# Java Applet zur Fernsteuerung von Fahrstuhl Modell



## RoadRunner0 (16 Februar 2005)

Hallo,
Hab schon vieles probiert aber vielleicht kann mir ja hier jemand helfen.

Hab auf der S7 von Siemens nen Fahrstuhl Modell gesteuert auch mit Fernsteuerung über WinCC klappt schon.
Synchron dazu hab ich nen Applet so programmiert des es genauso arbeitet wie der Fahrstuhl.

Aber jetz wollt ich nen Schritt weiter gehen und versuchen das was jetzt über WinCC läuft über das Applet zu steuern.
Weiß aber nicht wie ich von außen an die SPS rankommen soll.

Diese Siemens s7applets.jar und s7api.jar hab ich mir schon angeschaut aber versteh nur Bahnhof  :?  weil bin erst seit ner Woche beim SPS lernen und Java Applet programmiern bei.
Oder könnte man die Siemens Dinger so umschreiben das die Variablen(eigentlich sind ja nur Merker) geschrieben und gelesen werden können.(Wenn man mal für ein paar Sek die Copyrigths vergessen würde)

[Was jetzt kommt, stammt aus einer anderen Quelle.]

lemma nonsing_M_matrix_det_nonzero:
  assumes "nonsing_M_matrix n A"
  shows "det A \<noteq> 0"
proof
  assume det: "det A = 0"
  from assms obtain s N where A: "A \<in> carrier_mat n n" and N: "N \<in> carrier_mat n n"
    and A_eq: "A = s \<cdot>\<^sub>m 1\<^sub>m n - N" and s: "rho N < s"
    unfolding nonsing_M_matrix_def by auto
  have "char_matrix N s = - A" using N by (auto simp: char_matrix_def A_eq intro!: eq_matI)
  then have "eigenvalue N s" using det det_0_negate[OF A] by (simp add: eigenvalue_det[OF N])
  then have ev: "eigenvalue (map_mat complex_of_real N) (complex_of_real s)"
    by (rule of_real_hom.eigenvalue_hom[OF N])
  then have "\<bar>s\<bar> \<le> rho N"
    unfolding rho_def using N eigenvalue_imp_nonzero_dim[OF _ ev]
    by (intro spectral_radius_mem_max(2)[of _ n] rev_image_eqI[of "complex_of_real s"])
      (auto simp: spectrum_def)
  with s show False by simp
qed

lemma subinvariant_vector_if_rho_ge_1:
  assumes Y: "Y \<in> carrier_mat n n" "nonneg_mat Y" and n: "0 < n" and rho: "1 \<le> rho Y"
  obtains u where "u \<in> carrier_vec n" "u \<noteq> 0\<^sub>v n" "\<forall>i<n. 0 \<le> u $ i"
    "\<forall>i<n. u $ i \<le> (Y *\<^sub>v u) $ i"
proof -
  let ?Yc = "map_mat complex_of_real Y"
  have Yc: "?Yc \<in> carrier_mat n n" using Y by simp
  obtain lam where "eigenvalue ?Yc lam" and lam: "cmod lam = rho Y"
    using spectral_radius_mem_max(1)[OF Yc n] unfolding rho_def spectrum_def by auto
  then obtain w where w: "w \<in> carrier_vec n" "w \<noteq> 0\<^sub>v n" "?Yc *\<^sub>v w = lam \<cdot>\<^sub>v w"
    unfolding eigenvalue_def eigenvector_def using Yc by auto
  define u where "u = vec n (\<lambda>i. cmod (w $ i))"
  have "u \<noteq> 0\<^sub>v n"
    using w(1,2) unfolding u_def by (auto simp: vec_eq_iff)
  moreover have "u $ i \<le> (Y *\<^sub>v u) $ i" if i: "i < n" for i
  proof -
    have "u $ i \<le> cmod lam * u $ i"
      using i mult_right_mono[OF rho norm_ge_zero, of "w $ i"] lam unfolding u_def by simp
    also have "\<dots> = cmod ((?Yc *\<^sub>v w) $ i)" using w i unfolding u_def by (simp add: norm_mult)
    also have "\<dots> = cmod (\<Sum>j<n. ?Yc $$ (i,j) * w $ j)"
      by (simp only: index_mult_mat_vec_sum[OF Yc w(1) i])
    also have "\<dots> \<le> (\<Sum>j<n. Y $$ (i,j) * u $ j)"
      using Y i unfolding u_def nonneg_mat_def
      by (intro order_trans[OF norm_sum] sum_mono) (auto simp: norm_mult)
    also have "\<dots> = (Y *\<^sub>v u) $ i" using Y i by (subst index_mult_mat_vec_sum[of _ n]) (auto simp: u_def)
    finally show ?thesis .
  qed
  ultimately show ?thesis using that[of u] unfolding u_def by auto
qed

(* R is the K-th partial sum of the resolvent (t I - Y)^-1 = sum k. Y^k / t^(k+1). *)
lemma inverse_one_minus_geom_sum_eq:
  fixes Y W :: "'a :: field mat" and K :: nat
  assumes Y: "Y \<in> carrier_mat n n" and W: "W \<in> carrier_mat n n"
    and inv: "(1\<^sub>m n - Y) * W = 1\<^sub>m n" and t: "t \<noteq> 0"
  defines "Z \<equiv> (1 / t) \<cdot>\<^sub>m Y"
  defines "R \<equiv> (1 / t) \<cdot>\<^sub>m geom_sum_mat n Z K"
  shows "R = W - Z ^\<^sub>m K * W - (t - 1) \<cdot>\<^sub>m (R * W)"
proof -
  have Z: "Z \<in> carrier_mat n n" using Y by (simp add: Z_def)
  have Q: "geom_sum_mat n Z K \<in> carrier_mat n n" by (rule geom_sum_mat_carrier[OF Z])
  have R: "R \<in> carrier_mat n n" using Q by (simp add: R_def)
  have IZ: "1\<^sub>m n - Z \<in> carrier_mat n n" and IY: "1\<^sub>m n - Y \<in> carrier_mat n n"
    and IZK: "1\<^sub>m n - Z ^\<^sub>m K \<in> carrier_mat n n"
    using Y Z by (auto simp: minus_carrier_mat)
  have split: "1\<^sub>m n - Y = t \<cdot>\<^sub>m (1\<^sub>m n - Z) - (t - 1) \<cdot>\<^sub>m 1\<^sub>m n"
    using Y t by (auto simp: Z_def field_simps intro!: eq_matI)
  have "R * (1\<^sub>m n - Z) = (1 / t) \<cdot>\<^sub>m (1\<^sub>m n - Z ^\<^sub>m K)"
    unfolding R_def mult_smult_assoc_mat[OF Q IZ] geom_sum_mat_mult_one_minus[OF Z] ..
  then have RY: "R * (1\<^sub>m n - Y) = 1\<^sub>m n - Z ^\<^sub>m K - (t - 1) \<cdot>\<^sub>m R"
    using R Z t unfolding split
    by (simp add: mult_minus_distrib_mat[OF R smult_carrier_mat[OF IZ] smult_carrier_mat[OF one_carrier_mat]]
        mult_smult_distrib[OF R IZ] mult_smult_distrib[OF R one_carrier_mat], auto intro!: eq_matI)
  have "R = R * ((1\<^sub>m n - Y) * W)" using R inv by simp
  also have "\<dots> = (1\<^sub>m n - Z ^\<^sub>m K - (t - 1) \<cdot>\<^sub>m R) * W"
    using assoc_mult_mat[OF R IY W] RY by simp
  also have "\<dots> = W - Z ^\<^sub>m K * W - (t - 1) \<cdot>\<^sub>m (R * W)"
    using W by (simp add: minus_mult_distrib_mat[OF IZK smult_carrier_mat[OF R] W]
        minus_mult_distrib_mat[OF one_carrier_mat pow_carrier_mat[OF Z] W] mult_smult_assoc_mat[OF R W])
  finally show ?thesis .
qed

lemma inverse_one_minus_index_lower_bound:
  fixes K :: nat
  assumes Y: "Y \<in> carrier_mat n n" "nonneg_mat Y" and W: "W \<in> carrier_mat n n"
    and inv: "(1\<^sub>m n - Y) * W = 1\<^sub>m n" and t: "1 < t"
    and small: "(t - 1) * norm1_mat n W \<le> 1 / 2" and ij: "i < n" "j < n"
  defines "z \<equiv> norm1_mat n (((1 / t) \<cdot>\<^sub>m Y) ^\<^sub>m K)" and "\<omega> \<equiv> norm1_mat n W"
  shows "- (z * \<omega> + 2 * (t - 1) * (1 + z) * \<omega>\<^sup>2) \<le> W $$ (i,j)"
proof -
  define Z where "Z = (1 / t) \<cdot>\<^sub>m Y"
  define R where "R = (1 / t) \<cdot>\<^sub>m geom_sum_mat n Z K"
  define E where "E = Z ^\<^sub>m K * W"
  have Z: "Z \<in> carrier_mat n n" "nonneg_mat Z"
    using Y t by (auto simp: Z_def nonneg_mat_def)
  have R: "R \<in> carrier_mat n n" "nonneg_mat R"
    using geom_sum_mat_carrier[OF Z(1)] geom_sum_mat_nonneg[OF Z, of K] t
    by (auto simp: R_def nonneg_mat_def)
  have E: "E \<in> carrier_mat n n" unfolding E_def using Z(1) W by (rule mult_carrier_mat[OF pow_carrier_mat])
  have R_eq: "R = W - E - (t - 1) \<cdot>\<^sub>m (R * W)"
    unfolding R_def E_def Z_def using inverse_one_minus_geom_sum_eq[OF Y(1) W inv] t by simp
  have norm_E: "norm1_mat n E \<le> z * \<omega>"
    unfolding E_def z_def \<omega>_def Z_def[symmetric] using norm1_mat_mult[OF pow_carrier_mat[OF Z(1)] W] .
  have "norm1_mat n R = norm1_mat n (W - E - (t - 1) \<cdot>\<^sub>m (R * W))" by (rule arg_cong[OF R_eq])
  also have "\<dots> \<le> norm1_mat n W + norm1_mat n E + (t - 1) * norm1_mat n (R * W)"
    using norm1_mat_minus[OF minus_carrier_mat[OF E, of W] smult_carrier_mat[OF mult_carrier_mat[OF R(1) W]],
        of "t - 1"]
      norm1_mat_minus[OF W E] norm1_mat_smult[OF mult_carrier_mat[OF R(1) W], of "t - 1"] t
    by simp
  also have "\<dots> \<le> \<omega> + z * \<omega> + (t - 1) * (norm1_mat n R * \<omega>)"
    using norm_E norm1_mat_mult[OF R(1) W] t unfolding \<omega>_def by (intro add_mono mult_left_mono) auto
  also have "\<dots> \<le> \<omega> + z * \<omega> + norm1_mat n R / 2"
    using mult_right_mono[OF small norm1_mat_nonneg[of n R]] unfolding \<omega>_def by (simp add: ac_simps)
  finally have norm_R: "norm1_mat n R \<le> 2 * (1 + z) * \<omega>" by (simp add: algebra_simps)
  have "- (z * \<omega>) \<le> E $$ (i,j)"
    using abs_index_le_norm1_mat[OF ij, of E] norm_E by simp
  moreover have "- (2 * (1 + z) * \<omega> * \<omega>) \<le> (R * W) $$ (i,j)"
    using abs_index_le_norm1_mat[OF ij, of "R * W"] norm1_mat_mult[OF R(1) W]
      mult_right_mono[OF norm_R norm1_mat_nonneg[of n W]]
    unfolding \<omega>_def by linarith
  then have "(t - 1) * - (2 * (1 + z) * \<omega> * \<omega>) \<le> (t - 1) * (R * W) $$ (i,j)"
    using t by (intro mult_left_mono) auto
  moreover have "0 \<le> R $$ (i,j)" using R ij by (simp add: nonneg_mat_def)
  moreover have "R $$ (i,j) = W $$ (i,j) - E $$ (i,j) - (t - 1) * (R * W) $$ (i,j)"
    using arg_cong[OF R_eq, of "\<lambda>M. M $$ (i,j)"] ij R E W by simp
  ultimately show ?thesis by (simp add: power2_eq_square algebra_simps)
qed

Bin für alle Tipps offen.  :wink:  

lg RoadRunner0


----------



## lorenz2512 (16 Februar 2005)

Hallo,
ein Member ist ganz firm in der Geschichte, kannst ja mal hier gucken:
http://www.sps-forum.de/phpBB2/viewtopic.php?t=2192

MfG
Dietmar


----------



## plc_tippser (16 Februar 2005)

Hallo,

Die s7applets.jar und s7api.jar sind in der IT CP-Baugruppe und arbeiten mit den S7 Befehlen. Ich glaube nicht, das du da etwas von brauchen kannst.

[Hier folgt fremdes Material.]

(* Let $a, b, n$ be positive integers with $b>1$, $n>1$ and $\gcd(r_b(n),a)=1$, and for $i = 2,\ldots,n$ set $\alpha_i := a_i + \sum_{j=i}^n (b-1)\, a_j$. Then: (a) $\alpha_i \in \operatorname{Ap}(S_a(b,n))$ for every $i = 2,\ldots,n$; (b) if $a < b^n - 1$ then $\alpha_2 > \alpha_3 > \cdots > \alpha_n$, and if $a > b^n-1$ then $\alpha_2 < \alpha_3 < \cdots < \alpha_n$; (c) for every $\omega \in \operatorname{Ap}(S_a(b,n))$ there exists $i \in \{2,\ldots,n\}$ such that $\omega \le \alpha_i$.
   Context: For $\ell \ge 1$, $r_b(\ell) = \sum_{j=0}^{\ell-1} b^j$, and $r_b(0)=0$. For $i \ge 1$, $a_i := r_b(n) + a\, r_b(i-1)$; $S_a(b,n)$ is the numerical semigroup generated by $\{a_i\}$, with multiplicity $a_1$. $\operatorname{Ap}(S_a(b,n)) = \{\omega \in S_a(b,n) : \omega - a_1 \notin S_a(b,n)\}$. *)

theory Defs
  imports Main
begin

definition repunit :: "nat \<Rightarrow> nat \<Rightarrow> nat" where
  "repunit b l = (\<Sum>j<l. b ^ j)"

definition gen :: "nat \<Rightarrow> nat \<Rightarrow> nat \<Rightarrow> nat \<Rightarrow> nat" where
  "gen a b n i = repunit b n + a * repunit b (i - 1)"

inductive_set Ssg :: "nat \<Rightarrow> nat \<Rightarrow> nat \<Rightarrow> nat set" for a b n where
  zero: "0 \<in> Ssg a b n"
| step: "i \<ge> 1 \<Longrightarrow> x \<in> Ssg a b n \<Longrightarrow> gen a b n i + x \<in> Ssg a b n"

definition Apery :: "nat \<Rightarrow> nat \<Rightarrow> nat \<Rightarrow> nat set" where
  "Apery a b n = {w \<in> Ssg a b n. \<not> (w \<ge> gen a b n 1 \<and> w - gen a b n 1 \<in> Ssg a b n)}"

definition alpha :: "nat \<Rightarrow> nat \<Rightarrow> nat \<Rightarrow> nat \<Rightarrow> nat" where
  "alpha a b n i = gen a b n i + (\<Sum>j=i..n. (b - 1) * gen a b n j)"

end

theory Submission
  imports Defs "HOL-Number_Theory.Cong"
begin

text \<open>
  The generators satisfy b a_j + a_i = b a_(i-1) + a_(j+1), which lowers the sum of the
  indices, and a_j = a_(j-n) + a b^(j-n-1) a_1 for j > n. Hence a representation of an
  Apery element with least index sum is a combination sum_(j=2..n) d_j a_j with admissible
  digits: d_j <= b, and d_j = b only if all lower digits vanish. Such a combination equals
  (sum d_j) r_b(n) + a sum d_j r_b(j-1), where the second sum is below r_b(n) and determines
  the digits. As a is a unit modulo r_b(n), every element of the semigroup is uniquely
  sum d_j a_j + k a_1 with admissible d. The digits of alpha_i are admissible with k = 0, so
  alpha_i - a_1 is not in the semigroup; every admissible digit vector is dominated by that
  of some alpha_i; and alpha_i + a = alpha_(i+1) + (b^n - 1).
\<close>

lemma repunit_0 [simp]: "repunit b 0 = 0"
  by (simp add: repunit_def)

lemma repunit_Suc: "repunit b (Suc k) = b * repunit b k + 1"
  unfolding repunit_def by (subst sum.lessThan_Suc_shift) (simp add: sum_distrib_left)

lemma repunit_add: "repunit b (n + k) = repunit b k + b ^ k * repunit b n"
  by (induction k) (simp_all add: repunit_Suc algebra_simps)

lemma repunit_mult_pred: "b \<ge> 1 \<Longrightarrow> repunit b n * (b - 1) = b ^ n - 1"
proof (induction n)
  case 0
  then show ?case by simp
next
  case (Suc n)
  have "b ^ n \<ge> 1"
    using Suc.prems by simp
  then show ?case
    using Suc by (simp add: repunit_Suc algebra_simps diff_mult_distrib2)
qed

lemma repunit_pos: "m \<ge> 1 \<Longrightarrow> repunit b m > 0"
  by (cases m) (auto simp: repunit_Suc)

lemma gen_1: "gen a b n 1 = repunit b n"
  by (simp add: gen_def)

lemma gen_reduce:
  assumes "j > n"
  shows "gen a b n j = gen a b n (j - n) + a * b ^ (j - n - 1) * gen a b n 1"
proof -
  have "j - 1 = n + (j - n - 1)"
    using assms by simp
  then have "repunit b (j - 1) = repunit b (j - n - 1) + b ^ (j - n - 1) * repunit b n"
    by (metis repunit_add)
  then show ?thesis
    by (simp add: gen_def algebra_simps)
qed

lemma gen_exchange:
  assumes "i \<ge> 2" "j \<ge> 1"
  shows "b * gen a b n j + gen a b n i = b * gen a b n (i - 1) + gen a b n (j + 1)"
proof -
  have "i - 1 = Suc (i - 1 - 1)"
    using assms(1) by simp
  then have "repunit b (i - 1) = b * repunit b (i - 1 - 1) + 1"
    by (metis repunit_Suc)
  then show ?thesis
    using assms(2) by (cases j) (auto simp: gen_def algebra_simps repunit_Suc)
qed

lemma Ssg_add: "x \<in> Ssg a b n \<Longrightarrow> y \<in> Ssg a b n \<Longrightarrow> x + y \<in> Ssg a b n"
  by (induction x rule: Ssg.induct) (auto simp: add.assoc intro: Ssg.step)

lemma gen_in_Ssg: "i \<ge> 1 \<Longrightarrow> gen a b n i \<in> Ssg a b n"
  using Ssg.step[OF _ Ssg.zero] by fastforce

lemma mult_in_Ssg: "x \<in> Ssg a b n \<Longrightarrow> k * x \<in> Ssg a b n"
  by (induction k) (auto intro: Ssg.zero Ssg_add)

lemma sum_in_Ssg: "finite A \<Longrightarrow> (\<And>j. j \<in> A \<Longrightarrow> f j \<in> Ssg a b n) \<Longrightarrow> sum f A \<in> Ssg a b n"
  by (induction A rule: finite_induct) (auto intro: Ssg.zero Ssg_add)

lemma Ssg_iff_mset:
  "w \<in> Ssg a b n \<longleftrightarrow> (\<exists>M. (\<forall>j\<in>#M. j \<ge> 1) \<and> w = (\<Sum>j\<in>#M. gen a b n j))"
proof
  show "w \<in> Ssg a b n \<Longrightarrow> \<exists>M. (\<forall>j\<in>#M. j \<ge> 1) \<and> w = (\<Sum>j\<in>#M. gen a b n j)"
  proof (induction w rule: Ssg.induct)
    case zero
    then show ?case
      by (intro exI[of _ "{#}"]) simp
  next
    case (step i x)
    then obtain M where "\<forall>j\<in>#M. j \<ge> 1" "x = (\<Sum>j\<in>#M. gen a b n j)"
      by blast
    with step show ?case
      by (intro exI[of _ "add_mset i M"]) auto
  qed
  have "(\<forall>j\<in>#M. j \<ge> 1) \<Longrightarrow> (\<Sum>j\<in>#M. gen a b n j) \<in> Ssg a b n" for M
    by (induction M) (auto intro: Ssg.zero Ssg.step)
  then show "\<exists>M. (\<forall>j\<in>#M. j \<ge> 1) \<and> w = (\<Sum>j\<in>#M. gen a b n j) \<Longrightarrow> w \<in> Ssg a b n"
    by blast
qed

lemma sum_mset_image_eq_sum_count:
  "set_mset M \<subseteq> A \<Longrightarrow> finite A \<Longrightarrow> (\<Sum>j\<in>#M. f j) = (\<Sum>j\<in>A. count M j * f j)"
proof (induction M)
  case empty
  then show ?case by simp
next
  case (add x M)
  have "(\<Sum>j\<in>A. count (add_mset x M) j * f j) = (\<Sum>j\<in>A. count M j * f j + (if j = x then f j else 0))"
    by (rule sum.cong) auto
  also have "\<dots> = (\<Sum>j\<in>A. count M j * f j) + f x"
    using add.prems by (simp add: sum.distrib)
  finally show ?case
    using add by simp
qed

lemma Apery_mset_support:
  assumes "a > 0" "b > 0" "w \<in> Apery a b n"
    and M: "\<forall>j\<in>#M. j \<ge> 1" "w = (\<Sum>j\<in>#M. gen a b n j)"
  shows "set_mset M \<subseteq> {2..n}"
proof
  fix j
  assume "j \<in># M"
  then obtain M' where M': "M = add_mset j M'"
    by (metis multi_member_split)
  define x where "x = (\<Sum>k\<in>#M'. gen a b n k)"
  have x: "x \<in> Ssg a b n"
    unfolding x_def Ssg_iff_mset using M(1) M' by auto
  have w: "w = gen a b n j + x"
    using M(2) M' x_def by simp
  have no_a1: "w \<noteq> gen a b n 1 + y" if "y \<in> Ssg a b n" for y
    using assms(3) that by (auto simp: Apery_def)
  have "j \<noteq> 1"
    using no_a1[OF x] w by blast
  moreover have "j \<le> n"
  proof (rule ccontr)
    assume "\<not> j \<le> n"
    then have "j > n" by simp
    have "a * b ^ (j - n - 1) \<ge> 1"
      using assms(1,2) by simp
    then obtain c where c: "a * b ^ (j - n - 1) = c + 1"
      by (metis le_add_diff_inverse2)
    then have "a * b ^ (j - n - 1) * gen a b n 1 = gen a b n 1 + c * gen a b n 1"
      by simp
    then have "w = gen a b n 1 + (gen a b n (j - n) + c * gen a b n 1 + x)"
      using w gen_reduce[OF \<open>j > n\<close>, of a b] by simp
    moreover have "gen a b n (j - n) + c * gen a b n 1 + x \<in> Ssg a b n"
      using \<open>j > n\<close> x by (intro Ssg_add gen_in_Ssg mult_in_Ssg) auto
    ultimately show False
      using no_a1 by blast
  qed
  ultimately show "j \<in> {2..n}"
    using M(1) M' by auto
qed

lemma gen_mset_exchange:
  assumes "b > 1" "2 \<le> i" "i \<le> j" and sub: "replicate_mset b j + {#i#} \<subseteq># M"
  obtains M' where "set_mset M' \<subseteq> insert (i - 1) (insert (j + 1) (set_mset M))"
    and "(\<Sum>k\<in>#M'. gen a b n k) = (\<Sum>k\<in>#M. gen a b n k)"
    and "\<Sum>\<^sub># M' < \<Sum>\<^sub># M"
proof
  define X where "X = replicate_mset b j + {#i#}"
  define M' where "M' = M - X + replicate_mset b (i - 1) + {#j + 1#}"
  have M: "M = M - X + X"
    using sub unfolding X_def by (metis subset_mset.diff_add)
  show "set_mset M' \<subseteq> insert (i - 1) (insert (j + 1) (set_mset M))"
    unfolding M'_def by (auto dest: in_diffD)
  have "(\<Sum>k\<in>#M. gen a b n k) = (\<Sum>k\<in>#M - X. gen a b n k) + (b * gen a b n j + gen a b n i)"
    by (subst M) (simp add: X_def)
  also have "b * gen a b n j + gen a b n i = b * gen a b n (i - 1) + gen a b n (j + 1)"
    using assms(2,3) by (intro gen_exchange) auto
  finally show "(\<Sum>k\<in>#M'. gen a b n k) = (\<Sum>k\<in>#M. gen a b n k)"
    by (simp add: M'_def)
  have "(b - 1) * (i - 1) < (b - 1) * j"
    using assms by simp
  moreover have "b * (i - 1) = (b - 1) * (i - 1) + (i - 1)" "b * j = (b - 1) * j + j"
    using assms(1) by (simp_all add: diff_mult_distrib)
  ultimately have "b * (i - 1) + (j + 1) < b * j + i"
    using assms(2) by linarith
  moreover have "\<Sum>\<^sub># M = \<Sum>\<^sub># (M - X) + (b * j + i)"
    by (subst M) (simp add: X_def)
  ultimately show "\<Sum>\<^sub># M' < \<Sum>\<^sub># M"
    by (simp add: M'_def)
qed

Wieviel Aufwand ist es, so ein Applet zu erstellen? Ich würde evt. einige brauchen, da die o.g. Lib ja nicht viel hergibt.

pt


----------



## RoadRunner0 (16 Februar 2005)

das Applet erstellen war nicht schwer, aber die Anbindung an die SPS funzt halt nich.
Bei bedarf kann ich dir gern die .class datei mal zuschicken.


----------



## RoadRunner0 (16 Februar 2005)

@plc tippser:


> Das ist der Aufruf. Den habe ich so aus dem Handbuch übernommen.
> Die Bsp. im Ordner "examples" laufen auch nicht, dafür aber die Default Page des CPs.

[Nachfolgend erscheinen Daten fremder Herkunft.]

lemma norm_proj_ent_le: "cmod (proj_ent r W x y) \<le> (lev r W x + lev r W y) / 2"
proof -
  have "cmod (proj_ent r W x y) \<le> (\<Sum>s<r. cmod (W x s) * cmod (W y s))"
    unfolding proj_ent_def by (rule order.trans[OF norm_sum]) (simp add: norm_mult)
  also have "\<dots> \<le> (\<Sum>s<r. ((cmod (W x s))\<^sup>2 + (cmod (W y s))\<^sup>2) / 2)"
    by (intro sum_mono) (simp add: field_simps, metis mult.assoc sum_squares_bound)
  also have "\<dots> = (lev r W x + lev r W y) / 2"
    unfolding lev_def sum.distrib[symmetric] sum_divide_distrib[symmetric] by simp
  finally show ?thesis .
qed

lemma sum_norm_proj_ent_sq:
  assumes "orthonormal_cols m r W"
  shows "(\<Sum>y<m. (cmod (proj_ent r W x y))\<^sup>2) = lev r W x"
proof -
  have "complex_of_real (\<Sum>y<m. (cmod (proj_ent r W x y))\<^sup>2)
      = (\<Sum>y<m. proj_ent r W x y * cnj (proj_ent r W x y))"
    by (simp only: of_real_sum complex_norm_square)
  also have "\<dots> = (\<Sum>s<r. \<Sum>t<r. W x s * cnj (W x t) * (\<Sum>y<m. cnj (W y s) * W y t))"
    unfolding proj_ent_def
    by (simp add: sum_distrib_left sum_distrib_right sum.swap[of _ "{..<m}"] mult_ac)
  also have "\<dots> = (\<Sum>s<r. \<Sum>t<r. W x s * cnj (W x t) * (if s = t then 1 else 0))"
    using assms unfolding orthonormal_cols_def by (intro sum.cong refl) auto
  also have "\<dots> = (\<Sum>s<r. W x s * cnj (W x s))"
    by (simp add: if_distrib cong: if_cong)
  also have "\<dots> = complex_of_real (lev r W x)"
    unfolding lev_def by (simp only: of_real_sum complex_norm_square)
  finally show ?thesis using of_real_eq_iff by blast
qed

Wo kriegt man so ein Handbuch her oder ist das nur so eine pdf von Siemens?

lg RR


----------



## plc_tippser (16 Februar 2005)

Das ist auf der CD die irgendwo (ich weiß es nicht mehr) bei war. Es gibt einige PDF´s, eins über die Applets. Will mal schauen, ob ich es irgendwo hier gerade hab.

pt


----------



## plc_tippser (16 Februar 2005)

Also hier http://support.automation.siemens.c...se&objid=10806025&siteid=cseus&subtype=133300
findest du wenn du bei Suchen Applets eingibst, genau das Handbuch über die Beans und Applets.

pt


----------



## RoadRunner0 (16 Februar 2005)

DANKEEEEEEEEEE habs gefunden

da muß es noch irgendwo so eine  s7beansAPI.jar Datei geben war die bei dir dabei?  
bei meiner SPS fehlt irgendwie die Hälfte   

hab nen tollen link gefunden der beschreibt wie man die SiemensApplets einbindet, nur die beschriebene Software VisualAge 4 for Java von IBM gibts nirgends mehr. 
http://www.energietechnik.fh-dortmu...troller_infos/TIA_Module/E2_Web_mit_CP343.pdf


----------



## RoadRunner0 (16 Februar 2005)

hat irgend jemand die S7BeansAPI Datei für die CP 341 IT ?


----------



## Ralle (17 Februar 2005)

@roadrunner0
Schau mal hier, da gibt es den Nachfolger von VisualAge.

http://www-306.ibm.com/software/awdtools/vajava/


----------



## plc_tippser (17 Februar 2005)

RoadRunner0 schrieb:
			
		

> hat irgend jemand die S7BeansAPI Datei für die CP 341 IT ?



 :lol: Joooh.

Schick mir deine Mailaadr. per PN oder so, dann packe ich sie morgen ein.

pt


----------



## RoadRunner0 (23 Februar 2005)

*mail addy*

sorry das ich erst so spät schreib.
Bin echt saublöd, mittlerweile hab ich gemerkt das die x jar files die besagten BeanAPIs sind

trotzdem danke fürs Angebot die zuzusenden!

ute@mm00.de ist die Adresse, und ICQ ist 259695175(bin fast immer online auch wenn das Ding da unten was anderes anzeigt) vielleicht kann mir ja jemand beim schreiben von Applets helfen.

viele grüße RoadRunner0


----------